▶ _WHAT TO WORK ON_
From the listing below, copy out every line where the word "lemma" appears.

▶ _DATASET RECORDS_
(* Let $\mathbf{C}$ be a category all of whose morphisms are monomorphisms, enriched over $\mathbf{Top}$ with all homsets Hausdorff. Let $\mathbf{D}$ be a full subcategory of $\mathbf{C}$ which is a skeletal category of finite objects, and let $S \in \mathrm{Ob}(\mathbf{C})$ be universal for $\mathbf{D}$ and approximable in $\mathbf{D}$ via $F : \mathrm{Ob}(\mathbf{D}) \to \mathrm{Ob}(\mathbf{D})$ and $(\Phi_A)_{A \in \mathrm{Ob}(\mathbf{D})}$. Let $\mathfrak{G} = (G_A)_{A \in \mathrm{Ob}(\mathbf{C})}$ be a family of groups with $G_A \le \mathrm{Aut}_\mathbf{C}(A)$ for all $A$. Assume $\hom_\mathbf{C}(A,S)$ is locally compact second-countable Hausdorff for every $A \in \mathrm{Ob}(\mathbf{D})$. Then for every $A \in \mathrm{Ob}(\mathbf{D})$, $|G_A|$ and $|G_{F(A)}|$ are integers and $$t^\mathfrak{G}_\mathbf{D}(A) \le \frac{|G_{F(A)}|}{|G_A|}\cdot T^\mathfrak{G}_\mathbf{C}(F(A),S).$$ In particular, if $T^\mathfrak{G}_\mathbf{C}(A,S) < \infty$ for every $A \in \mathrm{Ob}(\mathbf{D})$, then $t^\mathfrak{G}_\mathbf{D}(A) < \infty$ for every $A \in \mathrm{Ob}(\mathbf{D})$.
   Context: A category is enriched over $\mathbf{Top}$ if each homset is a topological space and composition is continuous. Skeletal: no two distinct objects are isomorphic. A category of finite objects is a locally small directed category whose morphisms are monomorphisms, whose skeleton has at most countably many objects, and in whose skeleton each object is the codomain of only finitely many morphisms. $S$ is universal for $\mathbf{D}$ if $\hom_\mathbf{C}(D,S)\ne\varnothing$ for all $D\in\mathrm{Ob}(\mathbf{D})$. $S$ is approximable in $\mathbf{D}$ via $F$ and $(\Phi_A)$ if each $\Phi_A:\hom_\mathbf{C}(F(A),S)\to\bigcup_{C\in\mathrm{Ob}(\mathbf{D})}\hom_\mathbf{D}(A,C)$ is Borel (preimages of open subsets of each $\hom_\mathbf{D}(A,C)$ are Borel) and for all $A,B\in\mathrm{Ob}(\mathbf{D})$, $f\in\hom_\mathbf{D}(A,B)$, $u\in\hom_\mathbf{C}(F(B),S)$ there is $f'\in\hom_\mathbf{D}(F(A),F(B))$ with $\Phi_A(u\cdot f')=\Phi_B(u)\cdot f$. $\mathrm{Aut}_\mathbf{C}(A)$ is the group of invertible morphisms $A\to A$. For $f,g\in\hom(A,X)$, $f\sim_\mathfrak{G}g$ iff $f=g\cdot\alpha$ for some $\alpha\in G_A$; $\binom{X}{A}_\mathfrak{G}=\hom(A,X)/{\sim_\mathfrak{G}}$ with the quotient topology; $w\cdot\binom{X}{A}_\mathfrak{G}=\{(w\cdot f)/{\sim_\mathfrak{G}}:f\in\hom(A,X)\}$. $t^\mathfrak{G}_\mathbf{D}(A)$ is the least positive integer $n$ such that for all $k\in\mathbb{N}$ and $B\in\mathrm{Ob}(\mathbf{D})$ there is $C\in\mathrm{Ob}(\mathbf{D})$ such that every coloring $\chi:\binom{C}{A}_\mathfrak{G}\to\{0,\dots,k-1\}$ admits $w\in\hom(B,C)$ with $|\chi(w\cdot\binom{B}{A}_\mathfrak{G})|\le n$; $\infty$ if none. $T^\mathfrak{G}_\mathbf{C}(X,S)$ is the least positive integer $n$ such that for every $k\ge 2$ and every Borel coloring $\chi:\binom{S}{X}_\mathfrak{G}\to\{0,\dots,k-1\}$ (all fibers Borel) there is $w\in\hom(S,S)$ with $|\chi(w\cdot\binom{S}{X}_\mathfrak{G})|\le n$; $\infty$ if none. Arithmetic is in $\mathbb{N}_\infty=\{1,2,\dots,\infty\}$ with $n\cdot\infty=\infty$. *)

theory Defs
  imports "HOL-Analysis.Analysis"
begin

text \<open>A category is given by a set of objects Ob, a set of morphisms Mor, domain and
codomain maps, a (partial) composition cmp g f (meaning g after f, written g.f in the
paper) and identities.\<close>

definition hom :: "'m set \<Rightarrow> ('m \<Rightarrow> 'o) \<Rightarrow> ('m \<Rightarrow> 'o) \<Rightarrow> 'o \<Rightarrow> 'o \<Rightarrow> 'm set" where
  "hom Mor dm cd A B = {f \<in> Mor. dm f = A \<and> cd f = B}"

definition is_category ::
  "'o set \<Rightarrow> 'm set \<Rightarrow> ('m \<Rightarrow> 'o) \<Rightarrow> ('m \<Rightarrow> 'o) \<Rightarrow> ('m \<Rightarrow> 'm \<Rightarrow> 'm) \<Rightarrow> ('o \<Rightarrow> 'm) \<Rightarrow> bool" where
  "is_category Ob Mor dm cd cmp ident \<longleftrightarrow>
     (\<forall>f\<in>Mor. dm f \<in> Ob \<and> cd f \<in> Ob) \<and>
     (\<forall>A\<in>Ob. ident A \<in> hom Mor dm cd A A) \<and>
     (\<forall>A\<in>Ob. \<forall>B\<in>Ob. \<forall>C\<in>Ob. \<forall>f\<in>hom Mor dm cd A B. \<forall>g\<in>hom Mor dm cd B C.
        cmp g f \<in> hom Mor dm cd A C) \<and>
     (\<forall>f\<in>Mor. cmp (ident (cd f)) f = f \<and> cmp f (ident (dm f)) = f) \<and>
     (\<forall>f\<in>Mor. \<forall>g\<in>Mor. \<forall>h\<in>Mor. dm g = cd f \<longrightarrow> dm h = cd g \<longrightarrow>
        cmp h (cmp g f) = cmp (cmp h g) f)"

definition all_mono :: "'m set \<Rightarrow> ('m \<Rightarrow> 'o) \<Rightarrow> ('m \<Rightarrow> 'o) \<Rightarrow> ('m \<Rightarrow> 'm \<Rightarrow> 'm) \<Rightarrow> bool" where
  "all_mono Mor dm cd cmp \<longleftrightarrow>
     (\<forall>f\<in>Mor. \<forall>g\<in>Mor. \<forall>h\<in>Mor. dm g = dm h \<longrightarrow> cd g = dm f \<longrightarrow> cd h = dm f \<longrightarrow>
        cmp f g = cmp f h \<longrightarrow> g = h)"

* * *

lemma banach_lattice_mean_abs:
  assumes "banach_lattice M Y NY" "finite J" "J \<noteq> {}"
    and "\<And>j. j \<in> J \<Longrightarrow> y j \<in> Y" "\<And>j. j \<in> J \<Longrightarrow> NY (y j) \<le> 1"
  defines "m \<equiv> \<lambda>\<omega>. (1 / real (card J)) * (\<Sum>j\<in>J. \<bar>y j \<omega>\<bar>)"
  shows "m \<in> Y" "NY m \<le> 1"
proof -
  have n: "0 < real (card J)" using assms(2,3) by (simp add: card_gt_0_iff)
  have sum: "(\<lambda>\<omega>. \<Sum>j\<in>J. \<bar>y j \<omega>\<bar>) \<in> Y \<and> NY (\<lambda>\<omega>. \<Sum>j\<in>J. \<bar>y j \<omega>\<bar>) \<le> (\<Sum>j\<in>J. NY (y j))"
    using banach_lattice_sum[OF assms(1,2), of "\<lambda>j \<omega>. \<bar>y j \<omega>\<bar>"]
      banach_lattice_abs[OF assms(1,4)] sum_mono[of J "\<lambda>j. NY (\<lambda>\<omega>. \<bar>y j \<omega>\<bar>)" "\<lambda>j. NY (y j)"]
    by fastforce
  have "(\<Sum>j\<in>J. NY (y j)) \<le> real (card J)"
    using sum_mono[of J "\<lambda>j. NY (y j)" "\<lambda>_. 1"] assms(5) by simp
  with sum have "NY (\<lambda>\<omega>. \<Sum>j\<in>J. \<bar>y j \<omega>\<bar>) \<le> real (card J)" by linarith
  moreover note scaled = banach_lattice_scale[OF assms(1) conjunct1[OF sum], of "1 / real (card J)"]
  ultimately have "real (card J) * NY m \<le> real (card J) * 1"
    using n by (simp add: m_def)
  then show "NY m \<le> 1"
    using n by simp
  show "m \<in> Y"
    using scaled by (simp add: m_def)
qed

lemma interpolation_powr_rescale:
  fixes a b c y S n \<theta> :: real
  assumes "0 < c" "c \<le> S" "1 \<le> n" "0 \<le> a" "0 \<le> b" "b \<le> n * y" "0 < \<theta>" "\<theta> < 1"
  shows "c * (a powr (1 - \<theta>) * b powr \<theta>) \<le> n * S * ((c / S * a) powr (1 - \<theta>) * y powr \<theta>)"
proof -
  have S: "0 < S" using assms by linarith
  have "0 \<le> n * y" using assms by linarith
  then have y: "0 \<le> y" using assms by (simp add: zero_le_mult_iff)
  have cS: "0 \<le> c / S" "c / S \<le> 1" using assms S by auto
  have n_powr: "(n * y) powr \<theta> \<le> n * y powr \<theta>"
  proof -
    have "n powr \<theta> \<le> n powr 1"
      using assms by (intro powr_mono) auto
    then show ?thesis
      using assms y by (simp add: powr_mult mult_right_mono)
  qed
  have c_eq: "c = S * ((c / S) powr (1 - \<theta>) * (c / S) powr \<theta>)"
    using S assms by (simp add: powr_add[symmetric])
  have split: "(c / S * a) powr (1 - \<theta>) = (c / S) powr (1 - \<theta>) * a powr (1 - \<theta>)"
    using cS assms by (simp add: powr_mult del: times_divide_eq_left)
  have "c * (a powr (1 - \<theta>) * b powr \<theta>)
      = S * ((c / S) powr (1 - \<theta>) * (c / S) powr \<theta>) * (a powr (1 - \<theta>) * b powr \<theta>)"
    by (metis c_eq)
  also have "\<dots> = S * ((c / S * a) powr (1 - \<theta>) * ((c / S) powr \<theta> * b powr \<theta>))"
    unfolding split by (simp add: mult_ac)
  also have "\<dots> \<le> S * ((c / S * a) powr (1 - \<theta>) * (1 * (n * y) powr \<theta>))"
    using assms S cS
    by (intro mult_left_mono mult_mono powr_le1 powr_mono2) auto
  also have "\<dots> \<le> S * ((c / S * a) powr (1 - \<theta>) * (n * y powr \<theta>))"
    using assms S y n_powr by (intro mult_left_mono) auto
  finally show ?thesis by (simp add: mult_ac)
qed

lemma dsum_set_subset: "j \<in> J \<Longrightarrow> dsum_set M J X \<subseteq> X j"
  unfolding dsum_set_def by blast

▶ _ANSWER BELOW_
lemma banach_lattice_mean_abs:
lemma interpolation_powr_rescale:
lemma dsum_set_subset: "j \<in> J \<Longrightarrow> dsum_set M J X \<subseteq> X j"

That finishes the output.